§ **Collected data entries**
***

lemma Acoef_9 [simp]: "Acoef 9 = - (256922 / 88903375)"
  by (subst Acoef.simps) (simp add: sum_atLeast0_numeral)

lemma Acoef_10 [simp]: "Acoef 10 = 4211108766083 / 3027827974271100"
  by (subst Acoef.simps) (simp add: sum_atLeast0_numeral)

lemma Acoef_11 [simp]: "Acoef 11 = - (79796 / 229554325)"
  by (subst Acoef.simps) (simp add: sum_atLeast0_numeral)

lemma Acoef_12 [simp]:
  "Acoef 12 = - (4625136396953537821110026058 / 47312422083184370690420045328125)"
  by (subst Acoef.simps) (simp add: sum_atLeast0_numeral)

lemma Acoef_13 [simp]: "Acoef 13 = 6386362437627 / 36616196545678750"
  by (subst Acoef.simps) (simp add: sum_atLeast0_numeral)

lemma Acoef_14 [simp]: "Acoef 14 = - (7877017633650459233 / 68519595666356279445000)"
  by (subst Acoef.simps) (simp add: sum_atLeast0_numeral)

lemma Acoef_15 [simp]: "Acoef 15 = 50496442407137 / 1090018070737596000"
  by (subst Acoef.simps) (simp add: sum_atLeast0_numeral)

lemma Acoef_16 [simp]:
  "Acoef 16 = - (178103694194663331107316628824406729 / 25630714208170471619799024610182986718750)"
  by (subst Acoef.simps) (simp add: sum_atLeast0_numeral)

lemma Acoef_17 [simp]:
  "Acoef 17 = - (26180020111704468732088174197 / 4021555877070671508685703852890625)"
  by (subst Acoef.simps) (simp add: sum_atLeast0_numeral)

lemma Acoef_18 [simp]:
  "Acoef 18 = 425369590878259945552378762956507 / 61035738499883700857724190750426890625"
  by (subst Acoef.simps) (simp add: sum_atLeast0_numeral)

lemma Acoef_19 [simp]: "Acoef 19 = - (1521645742924447558531 / 394901269690433357201350000)"
  by (subst Acoef.simps) (simp add: sum_atLeast0_numeral)

lemma Acoef_20 [simp]:
  "Acoef 20 = 98962219557312803810521212152801342452749257 / 77954927365753181752844093929737088551779250000000"
  by (subst Acoef.simps) (simp add: sum_atLeast0_numeral)

lemma Acoef_21 [simp]:
  "Acoef 21 = - (28002770843700773470553181256594409089 / 1105196396656310736245733941191090387312500000)"
  by (subst Acoef.simps) (simp add: sum_atLeast0_numeral)


lemma Bcoef_0 [simp]: "Bcoef 0 = 1"
  by (subst Bcoef.simps) (simp add: sum_atLeast0_numeral)

lemma Bcoef_1 [simp]: "Bcoef 1 = 0"
  by (subst Bcoef.simps) (simp add: sum_atLeast0_numeral)

lemma Bcoef_Suc_0 [simp]: "Bcoef (Suc 0) = 0"
  using Bcoef_1 by simp

lemma Bcoef_2 [simp]: "Bcoef 2 = 0"
  by (subst Bcoef.simps) (simp add: sum_atLeast0_numeral)

lemma Bcoef_3 [simp]: "Bcoef 3 = 0"
  by (subst Bcoef.simps) (simp add: sum_atLeast0_numeral)

lemma Bcoef_4 [simp]: "Bcoef 4 = 385383 / 1616425"
  by (subst Bcoef.simps) (simp add: sum_atLeast0_numeral)

lemma Bcoef_5 [simp]: "Bcoef 5 = - (1 / 5)"
  by (subst Bcoef.simps) (simp add: sum_atLeast0_numeral)

lemma Bcoef_6 [simp]: "Bcoef 6 = 39898 / 321055"
  by (subst Bcoef.simps) (simp add: sum_atLeast0_numeral)

lemma Bcoef_7 [simp]: "Bcoef 7 = 0"
  by (subst Bcoef.simps) (simp add: sum_atLeast0_numeral)

lemma Bcoef_8 [simp]: "Bcoef 8 = - (148520056689 / 2612829780625)"
  by (subst Bcoef.simps) (simp add: sum_atLeast0_numeral)

lemma Bcoef_9 [simp]: "Bcoef 9 = 385383 / 8082125"
  by (subst Bcoef.simps) (simp add: sum_atLeast0_numeral)

lemma Bcoef_10 [simp]: "Bcoef 10 = - (58080377561 / 2075845313500)"
  by (subst Bcoef.simps) (simp add: sum_atLeast0_numeral)

lemma Bcoef_11 [simp]: "Bcoef 11 = 59847 / 7063210"
  by (subst Bcoef.simps) (simp add: sum_atLeast0_numeral)

lemma Bcoef_12 [simp]: "Bcoef 12 = 90096826251431314708225793 / 45275045055678823627196215625"
  by (subst Bcoef.simps) (simp add: sum_atLeast0_numeral)

lemma Bcoef_13 [simp]: "Bcoef 13 = - (35298266806419 / 8321862851290625)"
  by (subst Bcoef.simps) (simp add: sum_atLeast0_numeral)

lemma Bcoef_14 [simp]: "Bcoef 14 = 143692761597812009 / 46976275652239325000"
  by (subst Bcoef.simps) (simp add: sum_atLeast0_numeral)

lemma Bcoef_15 [simp]: "Bcoef 15 = - (132662981510393 / 98644169297520000)"
  by (subst Bcoef.simps) (simp add: sum_atLeast0_numeral)

lemma Bcoef_16 [simp]:
  "Bcoef 16 = 265517965632035667411880944185901 / 1117171808136448583188363282562187500"
  by (subst Bcoef.simps) (simp add: sum_atLeast0_numeral)

lemma Bcoef_17 [simp]: "Bcoef 17 = 1566803839421841981067679898 / 8466433425411940018285692321875"
  by (subst Bcoef.simps) (simp add: sum_atLeast0_numeral)

lemma Bcoef_18 [simp]:
  "Bcoef 18 = - (3330579293236432939105859073744586 / 15189889671916758132012807652821171875)"
  by (subst Bcoef.simps) (simp add: sum_atLeast0_numeral)

lemma Bcoef_19 [simp]: "Bcoef 19 = 27630060029148815277667 / 214426028791185533322000000"
  by (subst Bcoef.simps) (simp add: sum_atLeast0_numeral)

lemma Bcoef_20 [simp]:
  "Bcoef 20 = - (81004092840052338435903308988363079251034927 / 1783865614776960680843114277568354429102500000000)"
  by (subst Bcoef.simps) (simp add: sum_atLeast0_numeral)

lemma Bcoef_21 [simp]:
  "Bcoef 21 = 20079848652633752895821194581212683721 / 9104592741333452289438540476631408225000000"
  by (subst Bcoef.simps) (simp add: sum_atLeast0_numeral)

***

§ **TASK STATEMENT**
Print the data above exactly.

§ **ANSWER BOX**
lemma Acoef_9 [simp]: "Acoef 9 = - (256922 / 88903375)"
  by (subst Acoef.simps) (simp add: sum_atLeast0_numeral)

lemma Acoef_10 [simp]: "Acoef 10 = 4211108766083 / 3027827974271100"
  by (subst Acoef.simps) (simp add: sum_atLeast0_numeral)

lemma Acoef_11 [simp]: "Acoef 11 = - (79796 / 229554325)"
  by (subst Acoef.simps) (simp add: sum_atLeast0_numeral)

lemma Acoef_12 [simp]:
  "Acoef 12 = - (4625136396953537821110026058 / 47312422083184370690420045328125)"
  by (subst Acoef.simps) (simp add: sum_atLeast0_numeral)

lemma Acoef_13 [simp]: "Acoef 13 = 6386362437627 / 36616196545678750"
  by (subst Acoef.simps) (simp add: sum_atLeast0_numeral)

lemma Acoef_14 [simp]: "Acoef 14 = - (7877017633650459233 / 68519595666356279445000)"
  by (subst Acoef.simps) (simp add: sum_atLeast0_numeral)

lemma Acoef_15 [simp]: "Acoef 15 = 50496442407137 / 1090018070737596000"
  by (subst Acoef.simps) (simp add: sum_atLeast0_numeral)

lemma Acoef_16 [simp]:
  "Acoef 16 = - (178103694194663331107316628824406729 / 25630714208170471619799024610182986718750)"
  by (subst Acoef.simps) (simp add: sum_atLeast0_numeral)

lemma Acoef_17 [simp]:
  "Acoef 17 = - (26180020111704468732088174197 / 4021555877070671508685703852890625)"
  by (subst Acoef.simps) (simp add: sum_atLeast0_numeral)

lemma Acoef_18 [simp]:
  "Acoef 18 = 425369590878259945552378762956507 / 61035738499883700857724190750426890625"
  by (subst Acoef.simps) (simp add: sum_atLeast0_numeral)

lemma Acoef_19 [simp]: "Acoef 19 = - (1521645742924447558531 / 394901269690433357201350000)"
  by (subst Acoef.simps) (simp add: sum_atLeast0_numeral)

lemma Acoef_20 [simp]:
  "Acoef 20 = 98962219557312803810521212152801342452749257 / 77954927365753181752844093929737088551779250000000"
  by (subst Acoef.simps) (simp add: sum_atLeast0_numeral)

lemma Acoef_21 [simp]:
  "Acoef 21 = - (28002770843700773470553181256594409089 / 1105196396656310736245733941191090387312500000)"
  by (subst Acoef.simps) (simp add: sum_atLeast0_numeral)


lemma Bcoef_0 [simp]: "Bcoef 0 = 1"
  by (subst Bcoef.simps) (simp add: sum_atLeast0_numeral)

lemma Bcoef_1 [simp]: "Bcoef 1 = 0"
  by (subst Bcoef.simps) (simp add: sum_atLeast0_numeral)

lemma Bcoef_Suc_0 [simp]: "Bcoef (Suc 0) = 0"
  using Bcoef_1 by simp

lemma Bcoef_2 [simp]: "Bcoef 2 = 0"
  by (subst Bcoef.simps) (simp add: sum_atLeast0_numeral)

lemma Bcoef_3 [simp]: "Bcoef 3 = 0"
  by (subst Bcoef.simps) (simp add: sum_atLeast0_numeral)

lemma Bcoef_4 [simp]: "Bcoef 4 = 385383 / 1616425"
  by (subst Bcoef.simps) (simp add: sum_atLeast0_numeral)

lemma Bcoef_5 [simp]: "Bcoef 5 = - (1 / 5)"
  by (subst Bcoef.simps) (simp add: sum_atLeast0_numeral)

lemma Bcoef_6 [simp]: "Bcoef 6 = 39898 / 321055"
  by (subst Bcoef.simps) (simp add: sum_atLeast0_numeral)

lemma Bcoef_7 [simp]: "Bcoef 7 = 0"
  by (subst Bcoef.simps) (simp add: sum_atLeast0_numeral)

lemma Bcoef_8 [simp]: "Bcoef 8 = - (148520056689 / 2612829780625)"
  by (subst Bcoef.simps) (simp add: sum_atLeast0_numeral)

lemma Bcoef_9 [simp]: "Bcoef 9 = 385383 / 8082125"
  by (subst Bcoef.simps) (simp add: sum_atLeast0_numeral)

lemma Bcoef_10 [simp]: "Bcoef 10 = - (58080377561 / 2075845313500)"
  by (subst Bcoef.simps) (simp add: sum_atLeast0_numeral)

lemma Bcoef_11 [simp]: "Bcoef 11 = 59847 / 7063210"
  by (subst Bcoef.simps) (simp add: sum_atLeast0_numeral)

lemma Bcoef_12 [simp]: "Bcoef 12 = 90096826251431314708225793 / 45275045055678823627196215625"
  by (subst Bcoef.simps) (simp add: sum_atLeast0_numeral)

lemma Bcoef_13 [simp]: "Bcoef 13 = - (35298266806419 / 8321862851290625)"
  by (subst Bcoef.simps) (simp add: sum_atLeast0_numeral)

lemma Bcoef_14 [simp]: "Bcoef 14 = 143692761597812009 / 46976275652239325000"
  by (subst Bcoef.simps) (simp add: sum_atLeast0_numeral)

lemma Bcoef_15 [simp]: "Bcoef 15 = - (132662981510393 / 98644169297520000)"
  by (subst Bcoef.simps) (simp add: sum_atLeast0_numeral)

lemma Bcoef_16 [simp]:
  "Bcoef 16 = 265517965632035667411880944185901 / 1117171808136448583188363282562187500"
  by (subst Bcoef.simps) (simp add: sum_atLeast0_numeral)

lemma Bcoef_17 [simp]: "Bcoef 17 = 1566803839421841981067679898 / 8466433425411940018285692321875"
  by (subst Bcoef.simps) (simp add: sum_atLeast0_numeral)

lemma Bcoef_18 [simp]:
  "Bcoef 18 = - (3330579293236432939105859073744586 / 15189889671916758132012807652821171875)"
  by (subst Bcoef.simps) (simp add: sum_atLeast0_numeral)

lemma Bcoef_19 [simp]: "Bcoef 19 = 27630060029148815277667 / 214426028791185533322000000"
  by (subst Bcoef.simps) (simp add: sum_atLeast0_numeral)

lemma Bcoef_20 [simp]:
  "Bcoef 20 = - (81004092840052338435903308988363079251034927 / 1783865614776960680843114277568354429102500000000)"
  by (subst Bcoef.simps) (simp add: sum_atLeast0_numeral)

lemma Bcoef_21 [simp]:
  "Bcoef 21 = 20079848652633752895821194581212683721 / 9104592741333452289438540476631408225000000"
  by (subst Bcoef.simps) (simp add: sum_atLeast0_numeral)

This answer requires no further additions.